As a mortal, fleshy man, I can say that I see why they believe the way they do. Even the atheist men would like to live like this, but at least they have a moral compass (God-breathed at creation). It is in our man-natural (but not necessarily godly) nature to want to have sex with multiple women, especially younger and younger ones (I’m just being honest here). It is also in our nature to want to dominate others, especially our women and children. In cults, domination is often used in the way that to “disobey me is to disobey God.” It’s a trap! Run for the hills!

Okay, now back to us. I think of more practical terms of how we give parrot answers. I was a missionary once. Honestly, I loved it. I loved living in an exotic country, not having a job during the day. I could spend the day at the park with my kids if I wanted. While we lived with little money, exotic travel was a common requirement. It made it so much easier to say that “God had called us to Egypt.” I’m saying that all our motives were bad. I had a sincere desire to help Moslems come to Christ. But, us as broken humans never have pure motives about anything.

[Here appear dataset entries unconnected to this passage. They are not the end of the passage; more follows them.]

lemma conv2_prj_split:
  assumes B: "bilin H B" and C: "bilin H C" and pq: "0 < p + q"
  shows "conv2 H B C (prj H p x) (prj H q y) = B (one H) (one H) * C (prj H p x) (prj H q y)
    + B (prj H p x) (prj H q y) * C (one H) (one H) + conv2_mid H B C p q x y"
proof -
  let ?S = "conv2_component H B C p q x y" and ?R = "{..p} \<times> {..q} - {(0, 0), (p, q)}"
  have R: "insert (0, 0) (insert (p, q) ?R) = {..p} \<times> {..q}" and "(0, 0) \<notin> insert (p, q) ?R"
    using pq by auto
  have "conv2 H B C (prj H p x) (prj H q y) = (\<Sum>(i, j)\<in>{..p} \<times> {..q}. ?S i j)"
    by (simp add: conv2_prj[OF B C] sum.cartesian_product)
  also have "\<dots> = (\<Sum>(i, j)\<in>insert (0, 0) (insert (p, q) ?R). ?S i j)"
    by (simp only: R)
  also have "\<dots> = ?S 0 0 + ?S p q + conv2_mid H B C p q x y"
    using \<open>(0, 0) \<notin> insert (p, q) ?R\<close> by (simp add: conv2_mid_def add.assoc)
  also have "?S 0 0 = B (one H) (one H) * C (prj H p x) (prj H q y)"
    by (simp add: conv2_component_def bilin_prj_0[OF B] conv2_mult_left
        conv2_cou_left[OF bilin_prj[OF C]])
  also have "?S p q = B (prj H p x) (prj H q y) * C (one H) (one H)"
    by (simp add: conv2_component_def bilin_prj_0[OF C] conv2_mult_right
        conv2_cou_right[OF bilin_prj[OF B]] mult.commute)
  finally show ?thesis .
qed

lemma conv2_mid_cong:
  assumes "\<And>i j a c. i + j < p + q \<Longrightarrow> B (prj H i a) (prj H j c) = B' (prj H i a) (prj H j c)"
    and "\<And>i j a c. i + j < p + q \<Longrightarrow> C (prj H i a) (prj H j c) = C' (prj H i a) (prj H j c)"
  shows "conv2_mid H B C p q x y = conv2_mid H B' C' p q x y"
  unfolding conv2_mid_def
proof (rule sum.cong[OF refl])
  fix ij
  assume ij: "ij \<in> {..p} \<times> {..q} - {(0, 0), (p, q)}"
  obtain i j where ij_eq: "ij = (i, j)" by fastforce
  have "i \<le> p" "j \<le> q" "i \<noteq> 0 \<or> j \<noteq> 0" "i \<noteq> p \<or> j \<noteq> q"
    using ij ij_eq by auto
  then have "i + j < p + q" and "(p - i) + (q - j) < p + q"
    by linarith+
  then show "(case ij of (i, j) \<Rightarrow> conv2_component H B C p q x y i j) =
      (case ij of (i, j) \<Rightarrow> conv2_component H B' C' p q x y i j)"
    using assms by (simp add: ij_eq conv2_component_def)
qed

lemma conv2_cancel_left:
  assumes D: "bilin H D" and B: "bilin H B" and C: "bilin H C"
    and D1: "D (one H) (one H) = 1" and BC1: "B (one H) (one H) = C (one H) (one H)"
    and eq: "\<And>x y. conv2 H D B x y = conv2 H D C x y"
  shows "B = C"
proof (rule bilin_eq_degree_induct[OF B C BC1])
  fix p q x y
  assume pq: "0 < p + q"
    and IH: "\<And>i j a c. i + j < p + q \<Longrightarrow> B (prj H i a) (prj H j c) = C (prj H i a) (prj H j c)"
  have "conv2_mid H D B p q x y = conv2_mid H D C p q x y"
    by (rule conv2_mid_cong) (simp_all add: IH)
  then show "B (prj H p x) (prj H q y) = C (prj H p x) (prj H q y)"
    using eq[of "prj H p x" "prj H q y"] D1 BC1
    unfolding conv2_prj_split[OF D B pq] conv2_prj_split[OF D C pq] by simp
qed

lemma conv2_square_unique:
  assumes two: "(2::'k) \<noteq> 0" and B: "bilin H B" and C: "bilin H C"
    and B1: "B (one H) (one H) = 1" and C1: "C (one H) (one H) = 1"
    and eq: "\<And>x y. conv2 H B B x y = conv2 H C C x y"
  shows "B = C"
proof (rule bilin_eq_degree_induct[OF B C])
  show "B (one H) (one H) = C (one H) (one H)" using B1 C1 by simp
  fix p q x y
  assume pq: "0 < p + q"
    and IH: "\<And>i j a c. i + j < p + q \<Longrightarrow> B (prj H i a) (prj H j c) = C (prj H i a) (prj H j c)"
  have "conv2_mid H B B p q x y = conv2_mid H C C p q x y"
    by (rule conv2_mid_cong) (simp_all add: IH)
  then have "2 * B (prj H p x) (prj H q y) = 2 * C (prj H p x) (prj H q y)"
    using eq[of "prj H p x" "prj H q y"] B1 C1
    unfolding conv2_prj_split[OF B B pq] conv2_prj_split[OF C C pq] by simp
  then show "B (prj H p x) (prj H q y) = C (prj H p x) (prj H q y)" using two by simp
qed

lemma conv2_mlt:
  "lfun H f \<Longrightarrow> lfun H g \<Longrightarrow>
    conv2 H (\<lambda>x y. f (mlt H x y)) (\<lambda>x y. g (mlt H x y)) x y = conv H f g (mlt H x y)"
  unfolding conv2_def conv_def by (rule cop_mlt[symmetric])

lemma conv_square_unique:
  assumes two: "(2::'k) \<noteq> 0" and f: "lfun H f" and g: "lfun H g"
    and f1: "f (one H) = 1" and g1: "g (one H) = 1" and eq: "conv H f f = conv H g g"
  shows "f = g"
proof -
  have "(\<lambda>x y. f x * cou H y) = (\<lambda>x y. g x * cou H y)"
  proof (rule conv2_square_unique[OF two bilin_prod[OF f cou_lfun] bilin_prod[OF g cou_lfun]])
    show "f (one H) * cou H (one H) = 1" and "g (one H) * cou H (one H) = 1"
      by (simp_all only: f1 g1 cou_one mult_1_left)
    show "conv2 H (\<lambda>x y. f x * cou H y) (\<lambda>x y. f x * cou H y) x y =
        conv2 H (\<lambda>x y. g x * cou H y) (\<lambda>x y. g x * cou H y) x y" for x y
      by (simp only: conv2_tensor eq)
  qed
  then have "f x * cou H (one H) = g x * cou H (one H)" for x
    by (rule fun_cong[OF fun_cong])
  then show ?thesis by (simp add: fun_eq_iff cou_one)
qed

lemma bar_character:
  assumes f: "character H f"
  shows "character H (bar H f)"
proof -
  have lf: "lfun H f" by (rule character_lfun[OF f])
  have "(\<lambda>x y. bar H f (mlt H x y)) = (\<lambda>x y. bar H f x * bar H f y)"
  proof (rule bilin_eqI_prj[OF bilin_mlt[OF bar_lfun[OF lf]] bilin_prod[OF bar_lfun[OF lf] bar_lfun[OF lf]]])
    fix p q x y
    show "bar H f (mlt H (prj H p x) (prj H q y)) = bar H f (prj H p x) * bar H f (prj H q y)"
      by (simp add: bar_homog[OF lf homog_mlt[OF homog_prj homog_prj]] bar_prj[OF lf]
          character_mlt[OF f] power_add mult_ac)
  qed
  moreover have "bar H f (one H) = 1"
    using bar_homog[OF lf homog_one] character_one[OF f] by simp
  ultimately show ?thesis
    using bar_lfun[OF lf] by (simp add: character_def fun_eq_iff)
qed

text \<open>Both sides, as bilinear forms, are right inverses of \<open>f \<circ> mlt H = f \<otimes> f\<close> under \<open>conv2\<close>.\<close>
lemma character_comp_ant:
  assumes f: "character H f"
  shows "character H (f \<circ> ant H)"
proof -
  have lf: "lfun H f" and li: "lfun H (f \<circ> ant H)"
    using character_lfun[OF f] lfun_comp_ant by auto
  have i1: "(f \<circ> ant H) (one H) = 1"
    using character_ant_one[OF f] by simp
  have "(\<lambda>x y. (f \<circ> ant H) (mlt H x y)) = (\<lambda>x y. (f \<circ> ant H) x * (f \<circ> ant H) y)"
  proof (rule conv2_cancel_left[OF bilin_prod[OF lf lf] bilin_mlt[OF li] bilin_prod[OF li li]])
    show "f (one H) * f (one H) = 1"
      using character_one[OF f] by simp
    show "(f \<circ> ant H) (mlt H (one H) (one H)) = (f \<circ> ant H) (one H) * (f \<circ> ant H) (one H)"
      using i1 by (simp only: one_mlt mult_1_left)
    fix x y
    have "conv2 H (\<lambda>x y. f x * f y) (\<lambda>x y. (f \<circ> ant H) (mlt H x y)) x y =
        conv2 H (\<lambda>x y. f (mlt H x y)) (\<lambda>x y. (f \<circ> ant H) (mlt H x y)) x y"
      by (simp only: character_mlt[OF f])
    also have "\<dots> = cou H x * cou H y"
      by (simp only: conv2_mlt[OF lf li] conv_ant_right[OF f] cou_mlt)
    also have "\<dots> = conv2 H (\<lambda>x y. f x * f y) (\<lambda>x y. (f \<circ> ant H) x * (f \<circ> ant H) y) x y"
      by (simp only: conv2_tensor conv_ant_right[OF f])
    finally show "conv2 H (\<lambda>x y. f x * f y) (\<lambda>x y. (f \<circ> ant H) (mlt H x y)) x y =
        conv2 H (\<lambda>x y. f x * f y) (\<lambda>x y. (f \<circ> ant H) x * (f \<circ> ant H) y) x y" .
  qed
  then show ?thesis
    using li i1 by (simp add: character_def fun_eq_iff)
qed

lemma bar_comp_ant:
  assumes g: "character H g"
  shows "bar H (g \<circ> ant H) = bar H g \<circ> ant H"
proof (rule conv_inverse_unique)
  have lg: "lfun H g" by (rule character_lfun[OF g])
  show "lfun H (bar H g)" and "lfun H (bar H (g \<circ> ant H))" and "lfun H (bar H g \<circ> ant H)"
    by (simp_all add: bar_lfun lfun_comp_ant lg)
  show "conv H (bar H g) (bar H (g \<circ> ant H)) = cou H"
    using bar_conv[OF lg lfun_comp_ant[OF lg]] conv_ant_right[OF g] bar_cou by simp
  show "conv H (bar H g \<circ> ant H) (bar H g) = cou H"
    by (rule conv_ant_left[OF bar_character[OF g]])
qed

lemma odd_fun_iff_bar_eq:
  assumes m: "character H m"
  shows "odd_fun H m \<longleftrightarrow> bar H m = m \<circ> ant H"
proof
  have lm: "lfun H m" by (rule character_lfun[OF m])
  assume "odd_fun H m"
  then show "bar H m = m \<circ> ant H"
    using conv_inverse_unique[OF lm bar_lfun[OF lm] lfun_comp_ant[OF lm]] conv_ant_left[OF m]
    by (simp add: odd_fun_def)
next
  assume "bar H m = m \<circ> ant H"
  then show "odd_fun H m"
    using conv_ant_right[OF m] conv_ant_left[OF m] by (simp add: odd_fun_def)
qed

end

subsection \<open>Square roots of characters\<close>

text \<open>Newton's iteration for a convolution square root of \<open>\<chi>\<close>: the step to \<open>Suc n\<close> adds half
  the defect \<open>\<chi> - r * r\<close> in degree \<open>Suc n\<close>, which removes that defect because \<open>r\<close> is \<open>1\<close> at
  \<open>one H\<close>, and changes nothing in lower degrees.\<close>
fun conv_sqrt_approx :: "('k::field, 'h::ab_group_add) hopf \<Rightarrow> ('h \<Rightarrow> 'k) \<Rightarrow> nat \<Rightarrow> 'h \<Rightarrow> 'k" where
  "conv_sqrt_approx H \<chi> 0 = cou H"
| "conv_sqrt_approx H \<chi> (Suc n) = (\<lambda>x. conv_sqrt_approx H \<chi> n x + inverse 2 *
     (\<chi> (prj H (Suc n) x) - conv H (conv_sqrt_approx H \<chi> n) (conv_sqrt_approx H \<chi> n) (prj H (Suc n) x)))"

definition conv_sqrt :: "('k::field, 'h::ab_group_add) hopf \<Rightarrow> ('h \<Rightarrow> 'k) \<Rightarrow> 'h \<Rightarrow> 'k" where
  "conv_sqrt H \<chi> = graded_sum H (conv_sqrt_approx H \<chi>)"

context gc_hopf
begin


lemma conv_sqrt_approx_lfun:
  assumes \<chi>: "lfun H \<chi>"
  shows "lfun H (conv_sqrt_approx H \<chi> n)"
proof (induction n)
  case 0
  then show ?case by (simp add: cou_lfun)
next
  case (Suc n)
  let ?r = "conv_sqrt_approx H \<chi> n"
  have "lfun H (\<lambda>x. \<chi> (prj H (Suc n) x) - conv H ?r ?r (prj H (Suc n) x))"
    using lfun_comp_prj[OF \<chi>] lfun_comp_prj[OF conv_lfun[OF Suc.IH Suc.IH]]
    by (intro lfun_minus) (simp_all add: comp_def)
  from lfun_plus[OF Suc.IH lfun_const_mult[OF this]] show ?case
    by (simp only: conv_sqrt_approx.simps)
qed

Right now I am trying to create a study abroad program for PA and medical students. I had the rare opportunity on a plane the other day to be my usual candid self without someone questioning me. I was sitting beside a guy around 30 who works for a Christian outdoor adventure organization. This guy was very honest that the reason that he was doing it was because he could get paid, not well—but paid, to do the things he loves. I’m really glad he didn’t do the evangelical parrot thing, “Oh God called me to this ministry.” I’m sure he is helping the teens that are in their program but he also is doing it because he loves mountain climbing, kayaking and etc.

I felt very free to tell him that the reasons that I’m trying to start my company are (and in this order): 1) Pay my way to live overseas, at least for short periods of time, 2) To be in the role of teacher and expert, to a group of students (ego massage), 3) Help those people who have little medical resources and 4) Try to broaden the vision of these students to see the needs around the world.

But if this were going to be a Christian endeavor (mission group) I would have to paint over all the motives with a simple, 1) “God has called me to this mission to save the lost.”

I remember a conversation with a fellow evangelical (but who has since become disillusioned with the faith and left) back in college. He said something to the effect, “Christian decision making is where we quickly decide what we want to do, then spend a huge amount of effort making it look like something God wants us to do.”

The only thing wrong with that is that we should be honest about it. Hey, I want to go be a missionary in X, Y or Z because being a missionary makes me look very spiritual.